Companion skills (don't conflate)
/md-audit — existence staleness for .md files in docs/. Narrower scope (docs/ only); deeper check (git mtime + active-referrer window).
/tech-debt-audit — function-level dead-code scan for engine + scripts. Function reachability, not file reachability.
/disk-audit (this) — file-level cross-cutting filesystem audit. Catches what the other two don't see.
Output anatomy
output/disk_audit_<DATE>.md sections:
- Summary — per-bucket counts + total size + meaning column.
- Top N orphans by size — recovery candidates with size, age, path, reason.
- Top N review candidates — git-tracked but unreferenced (LLM-batch tier).
- Top N reference-only — stale referenced files (legitimate stable docs usually).
- Top N directories by orphan size — where orphans cluster (batch-review hint).
- Regenerable footprint — per-cycle output/ size signal.
Tuning
- Ignorelist lives in
scripts/diskInventory.js as IGNORE_BASENAMES (basename match anywhere) + IGNORE_PREFIXES (path-anchored). Add new entries when a new vendor cache surfaces — first run after a bun add or new plugin install will reveal gaps.
- REGEN_PATTERNS / CANON_PATTERNS in
scripts/diskClassify.js — extend when new per-cycle artifact patterns or canonical-frozen folders appear.
- CORPUS_EXCLUDE_PATTERNS in
scripts/diskRefScan.js — extends with any new AI-output transcripts that recapitulate filenames without authoritatively referencing them.
- Recentness threshold (default 30 days) —
RECENT_DAYS in diskClassify.js. Tighten if more than ~50% of refCount > 0 entries land in load-bearing.
Plan + acceptance
Plan file: docs/plans/2026-05-05-disk-inventory-and-dead-file-detection.md (drafted S202, executed S203).
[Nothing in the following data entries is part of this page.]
lemma vw_overlap_polar:
  assumes "0 \<le> lam" "lam < pi / 2"
  obtains \<rho> \<alpha> where "\<rho> \<noteq> 0" "vw_overlap lam \<phi> = complex_of_real \<rho> * cis \<alpha>"
    "beta lam \<phi> = \<phi> - 2 * \<alpha>"
proof -
  define h where "h = lam / 2"
  define den where "den = sin h + cos h * cos \<phi>"
  define num where "num = cos h * sin \<phi>"
  have h: "0 \<le> h" "h < pi / 4" using assms by (auto simp: h_def)
  have cos_pos: "0 < cos h" using h by (intro cos_gt_zero_pi) auto
  have sin_nonneg: "0 \<le> sin h" using h by (intro sin_ge_zero) auto
  have Q: "vw_overlap lam \<phi> = Complex den num"
    by (simp add: vw_overlap_def complex_eq_iff den_def num_def h_def)
  show thesis
  proof (cases "den = 0")
    case True
    have "num \<noteq> 0"
    proof
      assume "num = 0"
      then have "sin \<phi> = 0" using cos_pos by (simp add: num_def)
      then have "cos \<phi> = 1 \<or> cos \<phi> = -1"
        using sin_cos_squared_add[of \<phi>] by (simp add: power2_eq_1_iff)
      then show False
        using True sin_less_cos[OF h] cos_pos sin_nonneg by (auto simp: den_def)
    qed
    moreover have "vw_overlap lam \<phi> = complex_of_real num * cis (pi / 2)"
      using True by (simp add: Q complex_eq_iff)
    moreover have "beta lam \<phi> = \<phi> - 2 * (pi / 2)"
      using True by (simp add: beta_def Let_def den_def h_def)
    ultimately show thesis by (rule that)
  next
    case False
    define t where "t = num / den"
    have root_pos: "0 < sqrt (1 + t\<^sup>2)" by (simp add: add_pos_nonneg)
    show thesis
    proof (rule that)
      show "den * sqrt (1 + t\<^sup>2) \<noteq> 0" using False root_pos by simp
      show "vw_overlap lam \<phi> = complex_of_real (den * sqrt (1 + t\<^sup>2)) * cis (arctan t)"
        using False root_pos by (simp add: Q complex_eq_iff cos_arctan sin_arctan t_def)
      show "beta lam \<phi> = \<phi> - 2 * arctan t"
        using False by (simp add: beta_def Let_def den_def num_def h_def t_def)
    qed
  qed
qed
Phase 2.3 batch-API submission for the review tier intentionally not built — first runs will reveal whether the mechanical classifier handles enough of the load. If batch is needed later, the review bucket entries are pre-shaped for mcp__claude-batch__send_to_batch consumption.
Phase 3.1 (this triage report) is the read-only deliverable. Phase 3 archival (gated scripts/archiveStaleFiles.js) intentionally not built — destructive action stays out of the autonomous loop. Use the companion /disk-rotate skill for per-target retention + cleanup with verification gates.
Tracking
After every run, append a row to [[../../docs/AUDITS]] Run history table:
- Date, skill (
/disk-audit), findings (1-line summary from the report), action taken (report only), artifact path (output/disk_audit_<DATE>.md).